Daniel Stein, David Vilar, Stephan Peitz, Markus Freitag, Matthias Huck and Hermann Ney
A Guide to Jane, an Open Source Hierarchical Translation Toolkit
Jane is RWTH's hierarchical phrase-based translation toolkit. It includes tools for phrase extraction, translation and scaling factor optimization, with efficient and documented programs of which large parts can be parallelized.

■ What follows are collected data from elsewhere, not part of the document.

(* Let $M,N$ be weights of $\mathbb{R}^m,\mathbb{R}^n$, let $A\in\mathbb{R}^{m\times n}$ with $MA=AN$, and let $K\subseteq\mathbb{R}^n$ be a closed cone. Then $$(A\circ I\circ K)^{[*]}\cap\mathcal{R}(A\circ I)\subseteq (A^{[\dagger]})^{[*]}\circ I\circ K^{[*]}.$$ If moreover $A^{[\dagger]}\circ A\circ K\subseteq K$, then equality holds.
   Context: A weight is a real symmetric matrix $W$ with $W^2=I$. $\mathbb{R}^m$ and $\mathbb{R}^n$ carry weights $M\in\mathbb{R}^{m\times m}$ and $N\in\mathbb{R}^{n\times n}$, respectively. The indefinite inner product on the space with weight $W$ is $[x,y]=\langle x,Wy\rangle$. Indefinite matrix product: if $B$ has $p$ columns and $C$ has $p$ rows (or is a vector in $\mathbb{R}^p$), $p\in\{m,n\}$, and $W$ is the weight of $\mathbb{R}^p$, then $B\circ C:=BWC$. $I$ denotes an identity matrix of the appropriate size. Indefinite adjoint of $B\in\mathbb{R}^{p\times q}$: $B^{[*]}:=W_qB^TW_p$, where $W_p,W_q$ are the weights of $\mathbb{R}^p,\mathbb{R}^q$. Indefinite Moore–Penrose inverse: $A^{[\dagger]}$ is the unique $X\in\mathbb{R}^{n\times m}$ such that - $A\circ X\circ A=A$, - $X\circ A\circ X=X$, - $(A\circ X)^{[*]}=A\circ X$, - $(X\circ A)^{[*]}=X\circ A$. It equals $NA^\dagger M$. Range and null space: for a matrix $B$ with $q$ columns, $\mathcal{R}(B)=\{B\circ x:x\in\mathbb{R}^q\}$ and $\mathcal{N}(B)=\{x\in\mathbb{R}^q:B\circ x=0\}$. A cone is a nonempty set closed under addition and under multiplication by nonnegative scalars. For $S$ a subset of $\mathbb{R}^p$ with weight $W$, the dual is $S^{[*]}=\{x\in\mathbb{R}^p:[x,t]\ge0\ \forall t\in S\}$. For a matrix $B$ and a set $S$, $B\circ S=\{B\circ s:s\in S\}$. *)

theory Defs
  imports "HOL-Analysis.Analysis"
begin

definition is_weight :: "real^'p^'p \<Rightarrow> bool" where
  "is_weight W \<longleftrightarrow> transpose W = W \<and> W ** W = mat 1"

definition iprod :: "real^'p^'p \<Rightarrow> real^'p^'a \<Rightarrow> real^'b^'p \<Rightarrow> real^'b^'a" where
  "iprod W B C = B ** W ** C"

definition iapp :: "real^'p^'p \<Rightarrow> real^'p^'a \<Rightarrow> real^'p \<Rightarrow> real^'a" where
  "iapp W B x = B *v (W *v x)"

definition indef_adj :: "real^'p^'p \<Rightarrow> real^'q^'q \<Rightarrow> real^'q^'p \<Rightarrow> real^'p^'q" where
  "indef_adj Wp Wq B = Wq ** transpose B ** Wp"

definition indef_MP :: "real^'m^'m \<Rightarrow> real^'n^'n \<Rightarrow> real^'n^'m \<Rightarrow> real^'m^'n" where
  "indef_MP M N A = (THE X.
      iprod M (iprod N A X) A = A \<and>
      iprod N (iprod M X A) X = X \<and>
      indef_adj M M (iprod N A X) = iprod N A X \<and>
      indef_adj N N (iprod M X A) = iprod M X A)"

definition irange :: "real^'q^'q \<Rightarrow> real^'q^'p \<Rightarrow> (real^'p) set" where
  "irange Wq B = {iapp Wq B x | x. True}"

definition is_cone :: "('a::real_vector) set \<Rightarrow> bool" where
  "is_cone S \<longleftrightarrow> S \<noteq> {} \<and> (\<forall>x\<in>S. \<forall>y\<in>S. x + y \<in> S) \<and> (\<forall>x\<in>S. \<forall>c::real. c \<ge> 0 \<longrightarrow> c *\<^sub>R x \<in> S)"

text \<open>Indefinite dual: S^[*] = {x. [x,t] = <x, W t> >= 0 for all t in S}.\<close>
definition idual :: "real^'p^'p \<Rightarrow> (real^'p) set \<Rightarrow> (real^'p) set" where
  "idual W S = {x. \<forall>t\<in>S. inner x (W *v t) \<ge> 0}"

end

theory Submission
  imports Defs
begin

text \<open>The ordinary Moore--Penrose inverse \<open>Y\<close> of \<open>A\<close> exists: \<open>Y y\<close> is the solution of the
  normal equations \<open>A\<^sup>T A u = A\<^sup>T y\<close> that lies in the row space of \<open>A\<close>. Since weights
  are involutions, the indefinite Penrose equations for \<open>X\<close> are the ordinary ones for
  \<open>N X M\<close>, so \<open>A\<^sup>[\<dagger>] = N Y M\<close> and \<open>(A\<^sup>[\<dagger>])\<^sup>[*] = Y\<^sup>T\<close>. The inclusion is then a
  Euclidean computation: for \<open>y = A x\<close> in \<open>(A K)\<^sup>[*]\<close> the vector \<open>z = N A\<^sup>T M y\<close> lies in
  \<open>K\<^sup>[*]\<close>, because \<open>[z, k] = [y, A k]\<close>, and \<open>Y\<^sup>T z = A Y y = y\<close> because \<open>A\<^sup>T M = N A\<^sup>T\<close>.
  Conversely \<open>[Y\<^sup>T z, A k] = [z, N Y A N k]\<close>, which is nonnegative when
  \<open>A\<^sup>[\<dagger>] A K \<subseteq> K\<close>.\<close>

declare transpose_matrix_vector [simp del] vector_transpose_matrix [simp del]

lemma inner_transpose_matrix_vector:
  fixes B :: "real^'n^'m"
  shows "inner (transpose B *v x) y = inner x (B *v y)"
  by (simp add: dot_lmul_matrix transpose_matrix_vector)

lemma transpose_eq_self_if_inner_symmetric:
  fixes B :: "real^'n^'n"
  assumes "\<And>x y. inner (B *v x) y = inner x (B *v y)"
  shows "transpose B = B"
proof -
  have "inner (transpose B *v x - B *v x) y = 0" for x y
    using assms[of x y] by (simp add: inner_diff_left inner_transpose_matrix_vector)
  then show ?thesis
    by (metis inner_eq_zero_iff matrix_eq right_minus_eq)
qed

lemma mult_eq_0_if_gram_mult_eq_0:
  fixes A :: "real^'n^'m"
  assumes "(transpose A ** A) *v v = 0"
  shows "A *v v = 0"
proof -
  have "inner (A *v v) (A *v v) = inner v ((transpose A ** A) *v v)"
    using inner_transpose_matrix_vector[of "transpose A" v "A *v v"]
    by (simp add: matrix_vector_mul_assoc)
  then show ?thesis using assms by simp
qed

lemma row_space_mult_eq_0_imp_eq_0:
  fixes A :: "real^'n^'m"
  assumes "v \<in> range ((*v) (transpose A))" and "A *v v = 0"
  shows "v = 0"
proof -
  obtain u where "v = transpose A *v u" using assms(1) by blast
  then have "inner v v = inner u (A *v v)" by (simp add: inner_transpose_matrix_vector)
  then show ?thesis using assms(2) by simp
qed

lemma inj_on_gram_row_space:
  fixes A :: "real^'n^'m"
  shows "inj_on (\<lambda>x. (transpose A ** A) *v x) (range ((*v) (transpose A)))"
proof (rule inj_onI)
  fix x y assume xy: "x \<in> range ((*v) (transpose A))" "y \<in> range ((*v) (transpose A))"
    and "(transpose A ** A) *v x = (transpose A ** A) *v y"
  then have "(transpose A ** A) *v (x - y) = 0"
    by (simp add: matrix_vector_mult_diff_distrib)
  then have "A *v (x - y) = 0" by (rule mult_eq_0_if_gram_mult_eq_0)
  moreover have "x - y \<in> range ((*v) (transpose A))"
  proof -
    obtain u v where "x = transpose A *v u" "y = transpose A *v v" using xy by blast
    then have "x - y = transpose A *v (u - v)" by (simp add: matrix_vector_mult_diff_distrib)
    then show ?thesis by blast
  qed
  ultimately have "x - y = 0" using row_space_mult_eq_0_imp_eq_0 by blast
  then show "x = y" by simp
qed

lemma gram_image_row_space:
  fixes A :: "real^'n^'m"
  defines "S \<equiv> range ((*v) (transpose A))"
  shows "(\<lambda>x. (transpose A ** A) *v x) ` S = S"
proof (rule subspace_dim_equal)
  have lin: "linear (\<lambda>x. (transpose A ** A) *v x)" by simp
  have sS: "subspace S" unfolding S_def by (simp add: linear_subspace_image)
  show "subspace ((\<lambda>x. (transpose A ** A) *v x) ` S)" by (rule linear_subspace_image[OF lin sS])
  show "subspace S" by (fact sS)
  show "(\<lambda>x. (transpose A ** A) *v x) ` S \<subseteq> S"
    unfolding S_def by (auto simp flip: matrix_vector_mul_assoc)
  have "span S = S" using sS by (simp add: span_eq_iff)
  then have "inj_on (\<lambda>x. (transpose A ** A) *v x) (span S)"
    using inj_on_gram_row_space[of A] by (simp only: S_def)
  then show "dim S \<le> dim ((\<lambda>x. (transpose A ** A) *v x) ` S)"
    using dim_image_eq[OF lin] by simp
qed

lemma normal_equations_row_space_solution:
  fixes A :: "real^'n^'m"
  obtains Y :: "real^'m^'n"
  where "\<And>y. Y *v y \<in> range ((*v) (transpose A))"
    and "\<And>y. (transpose A ** A) *v (Y *v y) = transpose A *v y"
proof -
  define S where "S = range ((*v) (transpose A))"
  have "span S = S" by (simp add: S_def span_eq_iff linear_subspace_image)
  then obtain g where g: "range g \<subseteq> S" "linear g" "\<And>x. x \<in> S \<Longrightarrow> g ((transpose A ** A) *v x) = x"
    using linear_inj_on_left_inverse[of "\<lambda>x. (transpose A ** A) *v x" S]
      inj_on_gram_row_space[of A]
    by (simp only: S_def) blast
  define Y where "Y = matrix (\<lambda>y. g (transpose A *v y))"
  have Y: "Y *v y = g (transpose A *v y)" for y
    unfolding Y_def using g(2) by (simp add: linear_compose[unfolded o_def] matrix_works)
  show thesis
  proof
    show "Y *v y \<in> range ((*v) (transpose A))" for y using Y g(1) by (auto simp: S_def)
    show "(transpose A ** A) *v (Y *v y) = transpose A *v y" for y
    proof -
      have "transpose A *v y \<in> (\<lambda>x. (transpose A ** A) *v x) ` S"
        unfolding S_def gram_image_row_space by blast
      then obtain u where "u \<in> S" "transpose A *v y = (transpose A ** A) *v u" by blast
      then show ?thesis using Y g(3) by simp
    qed
  qed
qed

definition moore_penrose_inverse :: "real^'n^'m \<Rightarrow> real^'m^'n \<Rightarrow> bool" where
  "moore_penrose_inverse A Y \<longleftrightarrow>
     A ** Y ** A = A \<and> Y ** A ** Y = Y \<and>
     transpose (A ** Y) = A ** Y \<and> transpose (Y ** A) = Y ** A"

The decoder features syntactic enhancements, reorderings, triplet models, discriminative word lexica, and support for a variety of language model formats. In this article, we will review the main features of Jane and explain the overall architecture. We will also indicate where and how new models can be included.

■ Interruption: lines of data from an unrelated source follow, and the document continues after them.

lemma vwp_interpolation_generic:
  fixes a c z q p :: complex and G :: "complex \<Rightarrow> complex"
  assumes p: "norm p < 1" "p \<noteq> 0" and q: "q \<noteq> 0" and c: "c \<noteq> 0" and z: "z \<noteq> 0"
    and V: "sym_theta_fun p n G"
    and qn: "tpoch q q p n \<noteq> 0" and Dz: "tpoch (c * z) q p n * tpoch (c / z) q p n \<noteq> 0"
    and nd: "vwp_nondegenerate q p a c z n"
    and generic: "\<forall>s\<le>2 * n. theta (a ^ 2 * q ^ s) p \<noteq> 0"
  shows "vwp_prefactor q p a c z n * (G z / (tpoch (c * z) q p n * tpoch (c / z) q p n))
       = (\<Sum>k\<le>n. vwp_weight q p a c z n k
                   * (G (a * q ^ k) / (tpoch (c * (a * q ^ k)) q p n * tpoch (c / (a * q ^ k)) q p n)))"
proof -
  define x where "x i = a * q ^ i" for i
  define P where "P = tpoch (a ^ 2 * q) q p n * tpoch q q p n / (tpoch (a * c) q p n * tpoch (c / a) q p n)"
  define Dc where "Dc w = tpoch (c * w) q p n * tpoch (c / w) q p n" for w
  define E where "E = tpoch (a * q * z) q p n * tpoch (a * q / z) q p n"
  define B where "B j w = (\<Prod>i\<in>{0..n} - {j}. theta_pm (x i) w p)" for j w
  have a: "a \<noteq> 0" and E: "E \<noteq> 0" and Dx: "\<And>j. j \<le> n \<Longrightarrow> Dc (x j) \<noteq> 0"
    using nd unfolding vwp_nondegenerate_def E_def Dc_def x_def by auto
  have interpolation: "G z = (\<Sum>j\<le>n. G (x j) / B j (x j) * B j z)"
    unfolding B_def x_def using sym_theta_fun_interpolation_geometric[OF p q a V generic qn z] E E_def by simp
  have node: "vwp_coeff q p a c n j * (G (x j) / Dc (x j)) = P * (G (x j) / B j (x j))" if j: "j \<le> n" for j
  proof -
    have "vwp_coeff q p a c n j * B j (x j) = P * Dc (x j)"
      unfolding B_def P_def Dc_def x_def using nd qn
      by (intro vwp_coeff_at_node[OF p(1) q a c j] tpoch_prefix_nonzero[OF _ j]) (auto simp: vwp_nondegenerate_def)
    moreover have "B j (x j) \<noteq> 0"
      unfolding B_def x_def using geometric_nodes_separated[OF p(1) q a generic qn _ j] by auto
    ultimately show ?thesis
      using Dx[OF j] by (simp add: field_simps)
  qed
  have weight: "vwp_weight q p a c z n k = vwp_coeff q p a c n k * B k z / E" if "k \<le> n" for k
    unfolding vwp_weight_eq_coeff B_def x_def E_def
    using tpoch_ratio_eq_theta_pm_ratio[OF that E[unfolded E_def]] by (simp only: times_divide_eq_right[symmetric])
  have summand: "vwp_weight q p a c z n k * (G (x k) / Dc (x k)) = P / E * (G (x k) / B k (x k) * B k z)"
    if k: "k \<le> n" for k
  proof -
    have "vwp_weight q p a c z n k * (G (x k) / Dc (x k)) = vwp_coeff q p a c n k * (G (x k) / Dc (x k)) * B k z / E"
      unfolding weight[OF k] by (simp add: mult_ac)
    also have "\<dots> = P * (G (x k) / B k (x k)) * B k z / E"
      unfolding node[OF k] ..
    finally show ?thesis by (simp add: mult_ac)
  qed
  have "(\<Sum>k\<le>n. vwp_weight q p a c z n k * (G (x k) / Dc (x k)))
      = (\<Sum>k\<le>n. P / E * (G (x k) / B k (x k) * B k z))"
    using summand by (intro sum.cong) auto
  also have "\<dots> = P / E * G z"
    unfolding interpolation by (simp add: sum_distrib_left)
  also have "\<dots> = vwp_prefactor q p a c z n * (G z / Dc z)"
    unfolding vwp_prefactor_def P_def E_def Dc_def using Dz by (simp add: field_simps)
  finally show ?thesis
    unfolding x_def Dc_def by simp
qed

lemma tendsto_tpoch [tendsto_intros]:
  assumes "norm p < 1" "q \<noteq> 0" "(f \<longlongrightarrow> l) F" "l \<noteq> 0"
  shows "((\<lambda>x. tpoch (f x) q p n) \<longlongrightarrow> tpoch l q p n) F"
  unfolding tpoch_def using assms by (intro tendsto_intros) auto

lemma vwp_nondegenerate_eventually:
  assumes p: "norm p < 1" and q: "q \<noteq> 0" and c: "c \<noteq> 0" and z: "z \<noteq> 0"
    and nd: "vwp_nondegenerate q p a0 c z n"
  shows "\<forall>\<^sub>F a in at a0. vwp_nondegenerate q p a c z n"
proof -
  have a0: "a0 \<noteq> 0" using nd unfolding vwp_nondegenerate_def by simp
  have id: "((\<lambda>a. a) \<longlongrightarrow> a0) (at a0)" by (rule tendsto_ident_at)
  note ev = tendsto_imp_eventually_ne[where c' = 0]
  note h = nd[unfolded vwp_nondegenerate_def]
  have "\<forall>\<^sub>F a in at a0. a \<noteq> 0"
    using ev[OF id a0] .
  moreover have "\<forall>\<^sub>F a in at a0. theta (a ^ 2) p \<noteq> 0"
    using h by (intro ev[of _ "theta (a0 ^ 2) p"]) (use a0 p in \<open>intro tendsto_intros id, auto\<close>)
  moreover have "\<forall>\<^sub>F a in at a0. tpoch (a * c) q p n \<noteq> 0"
    using h by (intro ev[of _ "tpoch (a0 * c) q p n"]) (use a0 p q c in \<open>intro tendsto_intros id, auto\<close>)
  moreover have "\<forall>\<^sub>F a in at a0. tpoch (c / a) q p n \<noteq> 0"
    using h by (intro ev[of _ "tpoch (c / a0) q p n"]) (use a0 p q c in \<open>intro tendsto_intros id, auto\<close>)
  moreover have "\<forall>\<^sub>F a in at a0. tpoch (a * q * z) q p n \<noteq> 0"
    using h by (intro ev[of _ "tpoch (a0 * q * z) q p n"]) (use a0 p q z in \<open>intro tendsto_intros id, auto\<close>)
  moreover have "\<forall>\<^sub>F a in at a0. tpoch (a * q / z) q p n \<noteq> 0"
    using h by (intro ev[of _ "tpoch (a0 * q / z) q p n"]) (use a0 p q z in \<open>intro tendsto_intros id, auto\<close>)
  moreover have "\<forall>\<^sub>F a in at a0. tpoch (a ^ 2 * q ^ (n + 1)) q p n \<noteq> 0"
    using h by (intro ev[of _ "tpoch (a0 ^ 2 * q ^ (n + 1)) q p n"]) (use a0 p q in \<open>intro tendsto_intros id, auto\<close>)
  moreover have "\<forall>\<^sub>F a in at a0. tpoch (a * q powi (1 - int n) / c) q p n \<noteq> 0"
    using h by (intro ev[of _ "tpoch (a0 * q powi (1 - int n) / c) q p n"]) (use a0 p q c in \<open>intro tendsto_intros id, auto\<close>)
  moreover have "\<forall>\<^sub>F a in at a0. \<forall>j\<in>{..n}. tpoch (c * (a * q ^ j)) q p n * tpoch (c / (a * q ^ j)) q p n \<noteq> 0"
  proof (intro eventually_ball_finite ballI finite_atMost)
    fix j assume "j \<in> {..n}"
    thus "\<forall>\<^sub>F a in at a0. tpoch (c * (a * q ^ j)) q p n * tpoch (c / (a * q ^ j)) q p n \<noteq> 0"
      using h by (intro ev[of _ "tpoch (c * (a0 * q ^ j)) q p n * tpoch (c / (a0 * q ^ j)) q p n"])
        (use a0 p q c in \<open>intro tendsto_intros id, auto\<close>)
  qed
  ultimately show ?thesis
    unfolding vwp_nondegenerate_def by eventually_elim auto
qed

Matthias Huck, Jan-Thorsten Peter, Markus Freitag, Stephan Peitz and Hermann Ney
Hierarchical Phrase-Based Translation with Jane 2
In this paper, we give a survey of several recent extensions to hierarchical phrase-based machine translation that have been implemented in version 2 of Jane, RWTH's open source statistical machine translation toolkit. We focus on the following techniques: Insertion and deletion models, lexical scoring variants, reordering extensions with non-lexicalized reordering rules and with a discriminative lexicalized reordering model, and soft string-to-dependency hierarchical machine translation. We describe the fundamentals of each of these techniques and present experimental results obtained with Jane 2 to confirm their usefulness in state-of-the-art hierarchical phrase-based translation (HPBT).